lemma potential_class_iff:
  fixes V :: "real^'n::finite \<Rightarrow> real"
  shows "V \<in> potential_class \<longleftrightarrow> (\<exists>k lam a r lam_inf R W. (\<forall>i<k. r i > 0) \<and> R > 0 \<and> inj_on a {..<k}
    \<and> (\<forall>i<k. lam i < (real CARD('n) - 2)^2 / 4) \<and> lam_inf < (real CARD('n) - 2)^2 / 4
    \<and> LN2_Linf W \<and> V = (\<lambda>x. singular_potential k lam a r lam_inf R x + W x))"
  unfolding potential_class_def singular_potential_def by (simp add: fun_eq_iff)

lemma singular_potential_in_potential_class:
  fixes a :: "nat \<Rightarrow> real^'n::finite"
  assumes "\<forall>i<k. r i > 0" "R > 0" "inj_on a {..<k}"
    "\<forall>i<k. lam i < (real CARD('n) - 2)^2 / 4" "lam_inf < (real CARD('n) - 2)^2 / 4"
  shows "singular_potential k lam a r lam_inf R \<in> potential_class"
proof -
  have "LN2_Linf (\<lambda>x::real^'n. 0)"
    unfolding LN2_Linf_def by auto
  then show ?thesis
    unfolding potential_class_iff using assms by (intro exI[of _ "\<lambda>x. 0"] exI) auto
qed

lemma borel_measurable_singular_potential:
  "singular_potential k lam a r lam_inf R \<in> borel_measurable lebesgue"
proof -
  have [measurable]: "ball c e \<in> sets borel" "UNIV - ball c e \<in> sets borel" for c :: "real^'n" and e
    by auto
  have "singular_potential k lam a r lam_inf R \<in> borel_measurable borel"
    unfolding singular_potential_def by measurable
  then show ?thesis
    by (simp add: measurable_completion)
qed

::::

Tell how many lines in the listing include the string "lemma", and write nothing but that number.

ANSWER BELOW |
3